-- Opening Marker --

(* Under the assumptions of Theorem 4.1 (with $k\ge1$), define $$h^{(u)}(D_A)=\min\Big\{H(D_U)+\sum_{t=1}^k H(W_t),\ -\sum_{t=1}^k\log(1-P_{W_t})\Big\}$$ and, writing $\pi=\prod_{t=1}^k P_{W_t}$, $$h^{(l)}(D_A)=\max\Big\{-\sum_{t=1}^k\log P_{W_t},\ H(D_U)+\sum_{t=1}^kH(W_t)+\pi\log\pi+(1-\pi)\log(1-\pi)-(1-\pi)\min\{\log(2^k-1),H(D_U)\}\Big\}.$$ Then $h^{(l)}(D_A)\le H(D_A)\le h^{(u)}(D_A)$.
   Context: A result set $R$ is a finite set of possible matchings $m_j\subseteq C$ with $\mathbb{P}:R\to[0,1]$ summing to 1; the correct matching $M$ is distributed by $\mathbb{P}$. For distinct $c_1,\dots,c_k\in C$ and accuracies $P_{W_1},\dots,P_{W_k}\in[0.5,1]$, the answers $A_{c_t}\in\{Y,N\}$ are conditionally independent given $M$, with $\mathbb{P}(A_{c_t}=Y\mid M)=P_{W_t}$ if $c_t\in M$ and $1-P_{W_t}$ otherwise. $H(D_A)=-\sum_{a\in\{Y,N\}^k}\mathbb{P}(a)\log\mathbb{P}(a)$ is the joint entropy of the answer vector. $U=(\mathbf{1}[c_1\in M],\dots,\mathbf{1}[c_k\in M])\in\{T,F\}^k$ and $H(D_U)$ is its joint entropy, where $\mathbb{P}(U=u)=\sum_{m_j:\ (\mathbf{1}[c_t\in m_j])_t=u}\mathbb{P}(m_j)$. $H(W_t)=-P_{W_t}\log P_{W_t}-(1-P_{W_t})\log(1-P_{W_t})$. Logarithms base 2, $0\log0=0$, and $-\log 0=+\infty$ (so the second term of $h^{(u)}$ is $+\infty$ if some $P_{W_t}=1$). *)

theory Defs
  imports Complex_Main "HOL-Library.Extended_Real"
begin

definition plogp :: "real \<Rightarrow> real" where
  "plogp x = (if x = 0 then 0 else x * log 2 x)"

text \<open>Answer vectors / membership vectors of length k (index t = 0..k-1 stands for c_{t+1});
  True = Y (resp. T), False = N (resp. F).\<close>
definition vecs :: "nat \<Rightarrow> bool list set" where
  "vecs k = {xs. length xs = k}"

text \<open>P(A = a): answers conditionally independent given the correct matching M.\<close>
definition probA :: "'c set set \<Rightarrow> ('c set \<Rightarrow> real) \<Rightarrow> (nat \<Rightarrow> 'c) \<Rightarrow> (nat \<Rightarrow> real)
    \<Rightarrow> nat \<Rightarrow> bool list \<Rightarrow> real" where
  "probA R P c pw k a =
     (\<Sum>m\<in>R. P m * (\<Prod>t<k. if a ! t = (c t \<in> m) then pw t else 1 - pw t))"

definition probU :: "'c set set \<Rightarrow> ('c set \<Rightarrow> real) \<Rightarrow> (nat \<Rightarrow> 'c) \<Rightarrow> nat
    \<Rightarrow> bool list \<Rightarrow> real" where
  "probU R P c k u = (\<Sum>m\<in>{m\<in>R. map (\<lambda>t. c t \<in> m) [0..<k] = u}. P m)"

definition H_A :: "'c set set \<Rightarrow> ('c set \<Rightarrow> real) \<Rightarrow> (nat \<Rightarrow> 'c) \<Rightarrow> (nat \<Rightarrow> real)
    \<Rightarrow> nat \<Rightarrow> real" where
  "H_A R P c pw k = - (\<Sum>a\<in>vecs k. plogp (probA R P c pw k a))"

definition H_U :: "'c set set \<Rightarrow> ('c set \<Rightarrow> real) \<Rightarrow> (nat \<Rightarrow> 'c) \<Rightarrow> nat \<Rightarrow> real" where
  "H_U R P c k = - (\<Sum>u\<in>vecs k. plogp (probU R P c k u))"

definition H_W :: "real \<Rightarrow> real" where
  "H_W p = - plogp p - plogp (1 - p)"

definition h_upper :: "'c set set \<Rightarrow> ('c set \<Rightarrow> real) \<Rightarrow> (nat \<Rightarrow> 'c) \<Rightarrow> (nat \<Rightarrow> real)
    \<Rightarrow> nat \<Rightarrow> ereal" where
  "h_upper R P c pw k =
     min (ereal (H_U R P c k + (\<Sum>t<k. H_W (pw t))))
         (if \<exists>t<k. pw t = 1 then \<infinity> else ereal (- (\<Sum>t<k. log 2 (1 - pw t))))"

definition h_lower :: "'c set set \<Rightarrow> ('c set \<Rightarrow> real) \<Rightarrow> (nat \<Rightarrow> 'c) \<Rightarrow> (nat \<Rightarrow> real)
    \<Rightarrow> nat \<Rightarrow> real" where
  "h_lower R P c pw k =
     (let \<pi> = (\<Prod>t<k. pw t) in
      max (- (\<Sum>t<k. log 2 (pw t)))
          (H_U R P c k + (\<Sum>t<k. H_W (pw t)) + plogp \<pi> + plogp (1 - \<pi>)
            - (1 - \<pi>) * min (log 2 (2 ^ k - 1)) (H_U R P c k)))"

end

theory Submission
  imports Defs
begin

text \<open>
  Given the membership vector \<open>U\<close>, the answer vector \<open>A\<close> is the output of \<open>k\<close> independent
  binary symmetric channels, so \<open>P(A = a) = \<Sum>\<^sub>u P(U = u) Q(u, a)\<close> with a product kernel \<open>Q\<close>.
  Upper bounds: \<open>H(A) \<le> H(U, A) = H(U) + \<Sum>\<^sub>t H(W\<^sub>t)\<close>, and every \<open>P(A = a)\<close> is at least
  \<open>\<Prod>\<^sub>t (1 - P\<^sub>W\<^sub>t)\<close>. Lower bounds: every \<open>P(A = a)\<close> is at most \<open>\<pi>\<close>, and
  \<open>H(A) = H(U, A) - H(U | A)\<close>, where the equivocation \<open>H(U | A)\<close> splits into the event \<open>U = A\<close>,
  of probability \<open>\<pi>\<close>, and its complement; the log-sum inequality bounds the two parts as in
  Fano's inequality, the second one either through the \<open>2\<^sup>k - 1\<close> wrong answers or through \<open>H(U)\<close>.
\<close>

lemma plogp_eq: "plogp x = x * log 2 x"
  by (simp add: plogp_def)

lemma plogp_mult:
  assumes "0 \<le> x" "0 \<le> y"
  shows "plogp (x * y) = y * plogp x + x * plogp y"
  using assms by (cases "x = 0 \<or> y = 0") (auto simp: plogp_eq log_mult algebra_simps)

lemma log_prod:
  fixes f :: "'i \<Rightarrow> real"
  assumes "finite I" "\<And>i. i \<in> I \<Longrightarrow> f i \<noteq> 0"
  shows "log b (prod f I) = (\<Sum>i\<in>I. log b (f i))"
  using ln_prod[OF assms] by (simp add: log_def sum_divide_distrib)

lemma ln_ratio_tangent_bound:
  fixes x y S T :: real
  assumes "0 < x" "0 < y" "0 < S" "0 < T"
  shows "x * ln (S / T) + x - y * S / T \<le> x * ln (x / y)"
proof -
  define z where "z = y * S / (x * T)"
  have "0 < z" using assms by (simp add: z_def)
  have "ln z = ln y + ln S - ln x - ln T"
    using assms by (simp add: z_def ln_div ln_mult)
  with ln_le_minus_one[OF \<open>0 < z\<close>] have "x * (1 - z) \<le> x * (ln (x / y) - ln (S / T))"
    using assms by (intro mult_left_mono) (auto simp: ln_div)
  moreover have "x * (1 - z) = x - y * S / T" using assms by (simp add: z_def field_simps)
  ultimately show ?thesis by (simp add: algebra_simps)
qed

lemma log_sum_inequality:
  fixes x y :: "'i \<Rightarrow> real"
  assumes "finite I" "1 < b" and x: "\<forall>i\<in>I. 0 \<le> x i" and y: "\<forall>i\<in>I. 0 \<le> y i"
    and support: "\<forall>i\<in>I. 0 < x i \<longrightarrow> 0 < y i"
    and S: "sum x I = S" and T: "sum y I \<le> T" "0 < T"
  shows "S * log b (S / T) \<le> (\<Sum>i\<in>I. x i * log b (x i / y i))"
proof (cases "S = 0")
  case True
  then have "\<forall>i\<in>I. x i = 0" using S x \<open>finite I\<close> sum_nonneg_eq_0_iff by blast
  with True show ?thesis by simp
next
  case False
  with S x have "0 < S" using sum_nonneg[of I x] by force
  have "x i * ln (S / T) + x i - y i * S / T \<le> x i * ln (x i / y i)" if "i \<in> I" for i
    using ln_ratio_tangent_bound[of "x i" "y i" S T] x y support that \<open>0 < S\<close> T
    by (cases "x i = 0") auto
  then have "(\<Sum>i\<in>I. x i * ln (S / T) + x i - y i * S / T) \<le> (\<Sum>i\<in>I. x i * ln (x i / y i))"
    by (rule sum_mono)
  moreover have "(\<Sum>i\<in>I. x i * ln (S / T) + x i - y i * S / T)
      = S * ln (S / T) + S - sum y I * S / T"
    using S by (simp add: sum.distrib sum_subtractf sum_distrib_right[symmetric]
        sum_divide_distrib[symmetric])
  moreover have "sum y I * S / T \<le> S"
    using T \<open>0 < S\<close> by (simp add: field_simps mult_right_mono)
  ultimately have "S * ln (S / T) / ln b \<le> (\<Sum>i\<in>I. x i * ln (x i / y i)) / ln b"
    using \<open>1 < b\<close> by (intro divide_right_mono) auto
  then show ?thesis
    by (simp add: log_def sum_divide_distrib[symmetric])
qed

lemma vecs_0: "vecs 0 = {[]}"
  by (auto simp: vecs_def)

lemma vecs_Suc: "vecs (Suc k) = (\<lambda>(b, xs). b # xs) ` (UNIV \<times> vecs k)"
  by (auto simp: vecs_def image_iff length_Suc_conv)

lemma finite_vecs: "finite (vecs k)"
  by (induction k) (auto simp: vecs_0 vecs_Suc)

lemma sum_vecs_prod:
  fixes f :: "nat \<Rightarrow> bool \<Rightarrow> 'a::comm_semiring_1"
  shows "(\<Sum>a\<in>vecs k. \<Prod>t<k. f t (a ! t)) = (\<Prod>t<k. f t True + f t False)"
proof (induction k arbitrary: f)
  case 0
  then show ?case by (simp add: vecs_0)
next
  case (Suc k)
  have "inj_on (\<lambda>(b, xs). b # xs) (UNIV \<times> vecs k)"
    by (auto simp: inj_on_def)
  then have "(\<Sum>a\<in>vecs (Suc k). \<Prod>t<Suc k. f t (a ! t))
      = (\<Sum>(b, xs)\<in>UNIV \<times> vecs k. \<Prod>t<Suc k. f t ((b # xs) ! t))"
    unfolding vecs_Suc by (subst sum.reindex) (simp_all add: case_prod_unfold)
  also have "\<dots> = (\<Sum>b\<in>UNIV. \<Sum>xs\<in>vecs k. f 0 b * (\<Prod>t<k. f (Suc t) (xs ! t)))"
    by (subst sum.cartesian_product[symmetric])
      (simp del: prod.lessThan_Suc add: prod.lessThan_Suc_shift)
  also have "\<dots> = (\<Sum>b\<in>UNIV. f 0 b * (\<Prod>t<k. f (Suc t) True + f (Suc t) False))"
    using Suc.IH[of "\<lambda>t. f (Suc t)"] by (simp add: sum_distrib_left[symmetric])
  also have "\<dots> = (\<Prod>t<Suc k. f t True + f t False)"
    by (simp del: prod.lessThan_Suc add: UNIV_bool prod.lessThan_Suc_shift algebra_simps)
  finally show ?case .
qed

lemma card_vecs: "card (vecs k) = 2 ^ k"
  using sum_vecs_prod[where f = "\<lambda>_ _. 1::nat" and k = k] by (simp add: numeral_2_eq_2)

lemma sum_square_diag_off:
  assumes "finite A"
  shows "(\<Sum>u\<in>A. \<Sum>a\<in>A. g u a)
           = (\<Sum>a\<in>A. g a a) + (\<Sum>p\<in>{p \<in> A \<times> A. fst p \<noteq> snd p}. g (fst p) (snd p))"
proof -
  define D where "D = (\<lambda>a. (a, a)) ` A"
  define Off where "Off = {p \<in> A \<times> A. fst p \<noteq> snd p}"
  have "A \<times> A = D \<union> Off" "D \<inter> Off = {}"
    by (auto simp: D_def Off_def)
  moreover have "finite D" "finite Off"
    unfolding D_def Off_def using assms by (auto intro: finite_subset[of _ "A \<times> A"])
  ultimately have "(\<Sum>p\<in>A \<times> A. g (fst p) (snd p))
      = (\<Sum>p\<in>D. g (fst p) (snd p)) + (\<Sum>p\<in>Off. g (fst p) (snd p))"
    by (simp add: sum.union_disjoint)
  also have "(\<Sum>p\<in>D. g (fst p) (snd p)) = (\<Sum>a\<in>A. g a a)"
    unfolding D_def by (subst sum.reindex) (auto simp: inj_on_def)
  finally show ?thesis
    by (simp add: sum.cartesian_product case_prod_unfold Off_def)
qed

definition answer_prob :: "(nat \<Rightarrow> real) \<Rightarrow> bool list \<Rightarrow> nat \<Rightarrow> bool \<Rightarrow> real" where
  "answer_prob pw u t b = (if b = u ! t then pw t else 1 - pw t)"

definition answers_prob :: "(nat \<Rightarrow> real) \<Rightarrow> nat \<Rightarrow> bool list \<Rightarrow> bool list \<Rightarrow> real" where
  "answers_prob pw k u a = (\<Prod>t<k. answer_prob pw u t (a ! t))"

lemma answer_prob_sum: "answer_prob pw u t True + answer_prob pw u t False = 1"
  by (cases "u ! t") (auto simp: answer_prob_def)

-- Closing Marker --

(Try it) The lines above from the one containing "ln y + ln S" through the one containing "using assms by (intro" are to be set down exactly, and no others.

(Output of the task)
  have "ln z = ln y + ln S - ln x - ln T"
    using assms by (simp add: z_def ln_div ln_mult)
  with ln_le_minus_one[OF \<open>0 < z\<close>] have "x * (1 - z) \<le> x * (ln (x / y) - ln (S / T))"
    using assms by (intro mult_left_mono) (auto simp: ln_div)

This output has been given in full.